Hopefully, you’re catching on by now. The overflow is set to hidden, which ensures these lines aren’t seen because they exist outside the grid container’s edge. All this crazy stuff that people try and do with :nth() selectors and media queries is entirely unnecessary when you hide the overflow junk.

That’s it! Simple, Efficient, Flexible, Elegant, & Maintainable

We’ve accomplished our goal!

Here’s the full code:

.grid {
  
  // Locally scoped variables
  --gap: 2rem;
  --line-offset: calc(var(--gap) / 2);
  --line-thickness: 2px;
  --line-color: red;
  
  // Grid layout (Can be anything)
   display: grid;
   grid-template-columns: repeat(3, minmax(0, 1fr));
   overflow: hidden;
   gap: var(--gap);
}

// Make Grid Items Control Absolute Pseudo Positioning
.grid__item {
   position: relative;
}

// Pseudo Element Shared Styling
.grid__item::before, 
.grid__item::after {
   content: '';
   position: absolute;
   background-color: var(--line-color);
   z-index: 1;
}

// Row Borders
.grid__item::after {
  inline-size: 100vw;
  block-size: var(--line-thickness);
  inset-inline-start: 0;
  inset-block-start: calc(var(--line-offset) * -1);
}

// Column Borders
.grid__item::before {
  inline-size: var(--line-thickness);
  block-size: 100vh;
  inset-inline-start: calc(var(--line-offset) * -1);
}Code language: PHP (php)

And here’s a CodePen:

See the Pen Internal Grid "Borders" With CSS Grid by Kevin Geary (@geary-co) on CodePen.

I’ve seen many people attempt to achieve this design, and I’m pretty confident that the above approach is the most elegant and flexible.
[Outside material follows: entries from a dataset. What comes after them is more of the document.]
lemma walk_sum_reverse_walk:
  "walk_sum f (reverse_walk ie c) = walk_sum (f \<circ> ie) c" for f :: "'e \<Rightarrow> 'a::comm_monoid_add"
  by (simp add: walk_sum_def reverse_walk_def rev_map[symmetric] sum_list_rev case_sum_map_sum comp_def cong: sum.case_cong)

lemma omega_reverse_walk: "omega src V (reverse_walk ie c) = omega src V c"
  by (simp add: omega_def reverse_walk_def rev_map[symmetric] prod_list.rev case_sum_map_sum comp_def cong: sum.case_cong)

lemma ip_add: "ip (a + b) k = ip a k + ip b k"
  by (simp add: ip_def sum.distrib algebra_simps)

lemma ip_uminus: "ip (- a) k = - ip a k"
  by (simp add: ip_def sum_negf)

lemma ip_add_right: "ip a (k + k') = ip a k + ip a k'"
  by (simp add: ip_def sum.distrib algebra_simps)

lemma ip_axis: "ip (axis j 1) t = t $ j"
  by (simp add: ip_def axis_def if_distrib[of "\<lambda>x. real_of_int x * _"] cong: if_cong)

lemma ip_walk_tau: "ip (walk_tau tau c) k = walk_sum (\<lambda>e. ip (tau e) k) c"
proof (induction c)
  case Nil
  then show ?case by (simp add: walk_tau_eq_walk_sum ip_def)
next
  case (Cons s c)
  then show ?case by (cases s) (simp_all add: walk_tau_eq_walk_sum ip_add)
qed

section \<open>The trace formula\<close>

definition step_weight :: "('e::finite \<Rightarrow> 'v) \<Rightarrow> ('e \<Rightarrow> int^'d::finite) \<Rightarrow> ('e \<Rightarrow> real)
    \<Rightarrow> ('v \<Rightarrow> real) \<Rightarrow> real^'d \<Rightarrow> 'e + 'v \<Rightarrow> complex" where
  "step_weight src tau alpha V k = case_sum (\<lambda>e. exp (\<i> * complex_of_real (alpha e + ip (tau e) k)))
     (\<lambda>x. complex_of_real (V x - real (kappa src x)))"

definition walks :: "('e \<Rightarrow> 'v) \<Rightarrow> ('e \<Rightarrow> 'v) \<Rightarrow> nat \<Rightarrow> 'v \<Rightarrow> 'v \<Rightarrow> ('e + 'v) list set"
  where
  "walks src tgt n x y = {c. length c = n \<and> is_walk src tgt c x y}"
In fact, it’s almost so simple that it feels like cheating.

Go ahead, try to break it!

  • Use an uneven number of grid items (don’t fill the grid). Still works!
  • Change the number of grid columns. Still works!
  • Check your breakpoints. Still works! No adjustments are needed.

What if I don’t want grid borders on mobile?

No problem! Just wrap all the pseudo-element stuff in a min-width media query.

Any questions?

join the conversation

15 comments

  • Dom Eccleston

    Thanks for sharing this!

    I’ve found that this doesn’t work with borders that have an opacity of less than one: the borders will visibly be stacked on top of one another, creating an inconsistent effect. You can see what I mean here: https://ibb.co/87PPm23

  • Peter Wise

    Another interesting alternative… just use the grid gap for the line color and make the box padding bigger:
    https://codepen.io/squarecandy-1472176736/pen/MWxKPVa

    * Zero psudo-elements
    * no reliance on overflow:hidden
    * grid-tastic!

  • I believe that vh and vw are “viewport height” and “viewport width” not “vertical height” and “vertical width”.

    Looks like using 100vw and 100vh is rendering very very long lines but they are just getting cropped properly due to the overflow:hidden. But if your box content is ever taller than the current viewport height it’s going to break.

    I would recommend using something like this instead:
    block-size: calc( 100% + var(–gap) );

    • A

      Percent doesn’t work here. It has to be viewport units. If the the box content is ever going to be taller than the current viewport height, you just extend the viewport units beyond 100. Something can be 1000vh if you want it to be — there’s no breakage here.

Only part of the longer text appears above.